The affidavit upon which the order for examination of plaintiff was granted was made by Henry S. O'Brien. It avers that the defense is that the defendants did not enter into an agreement with the plaintiff to pay one-half of their commissions as alleged in the complaint, and also that the plaintiff did not introduce the said Isman to the defendants as a prospective purchaser or lessee, and was not entitled to a share of their commissions; that the testimony of the plaintiff is necessary and material for the following reasons: That said defendant Henry S. O'Brien has no personal knowledge of any of the transactions set forth in the complaint; that the leasing of the property was conducted by the defendant Henry E. O'Brien, who died prior to the joining of issue; that if any agreement was entered into between the plaintiff and defendants, said agreement was made by the defendant Henry E. O'Brien, and he alone of the two defendants had personal knowledge thereof; that deponent was informed by said Henry E. prior to his death that he did not enter into the agreement with plaintiff set forth in paragraph 4 of the complaint, but that he did agree that plaintiff should be entitled to a share of the defendants' commissions only if he should produce to defendants a purchaser of said property who should, as a result of plaintiff's efforts, purchase the same; that deponent was further informed by said Henry E. that plaintiff did not produce or introduce to defendants the said Isman, but that said Isman, when approached by plaintiff through a letter, wrote to plaintiff that he refused to transact business with or through him and stated that he was not interested in said property and did not desire to purchase or lease the same; that deponent desires to show by said plaintiff the above facts, and that plaintiff did not induce said Isman to enter into a lease of said property, but that said Isman became interested in said property through the efforts of another broker six months after said plaintiff had endeavored to interest said Isman in said property; that by reason of the death of Henry E. O'Brien aforesaid, deponent is wholly unable to prove most of these facts, except by plaintiff; that deponent intends to use the testimony of said plaintiff upon the trial of this action.

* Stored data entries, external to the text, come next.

lemma card_core_split:
  assumes "simple_graph V E" "finite C" "a \<in> C"
  shows "card C = 1 + card (nbrs E C a) + card (C - ({a} \<union> nbrs E C a))"
proof -
  have "a \<notin> nbrs E C a" using simple_graph_edgeD(3)[OF assms(1), of a a] by (auto simp: nbrs_def)
  moreover have sub: "{a} \<union> nbrs E C a \<subseteq> C" using assms(3) by (auto simp: nbrs_def)
  moreover have "finite (nbrs E C a)" using assms(2) by (simp add: nbrs_def)
  ultimately show ?thesis
    using card_mono[OF assms(2) sub] card_Diff_subset[OF _ sub] by simp
qed

definition bounded_numbering :: "'a set set \<Rightarrow> 'a set \<Rightarrow> int \<Rightarrow> ('a \<Rightarrow> nat) \<Rightarrow> bool" where
  "bounded_numbering E W b g \<longleftrightarrow>
     numbering W g \<and> (\<forall>x\<in>W. \<forall>y\<in>W. {x, y} \<in> E \<longrightarrow> int (g x + g y) \<le> b)"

In Schweinburg v. Altman ( 131 App. Div. 795) we pointed out that the Court of Appeals in Herbage v. City of Utica ( 109 N.Y. 81) said: "We are of opinion that a party litigant may, in the discretion of the judge to whom application is made * * * have a general examination of his adversary as a witness in the cause, as well before as at the trial, and that it is not, as of course, to be limited to an affirmative cause of action, or an affirmative defense set forth in favor of the party desiring that examination."
That case establishes the power of the court. As a general rule we have declined, in the exercise of discretion, to use that power, when it was evident that the sole purpose of the examination was to obtain the opponent's case.
But here the death of the partner with whom plaintiff had whatever negotiations there were, deprived the appellant of the only witness upon whose testimony he could establish his defense, unless allowed to examine the plaintiff. We think, therefore, that extraordinary and peculiar circumstances exist which require the court to exercise its discretion and permit the examination.
The order appealed from should be reversed, with ten dollars costs and disbursements, and the order for examination reinstated, the date for such examination to be fixed on settlement of order.
INGRAHAM, P.J., McLAUGHLIN, SCOTT and DOWLING, JJ., concurred.
Order reversed, with ten dollars costs and disbursements, and order for examination reinstated as stated in opinion. Settle order on notice.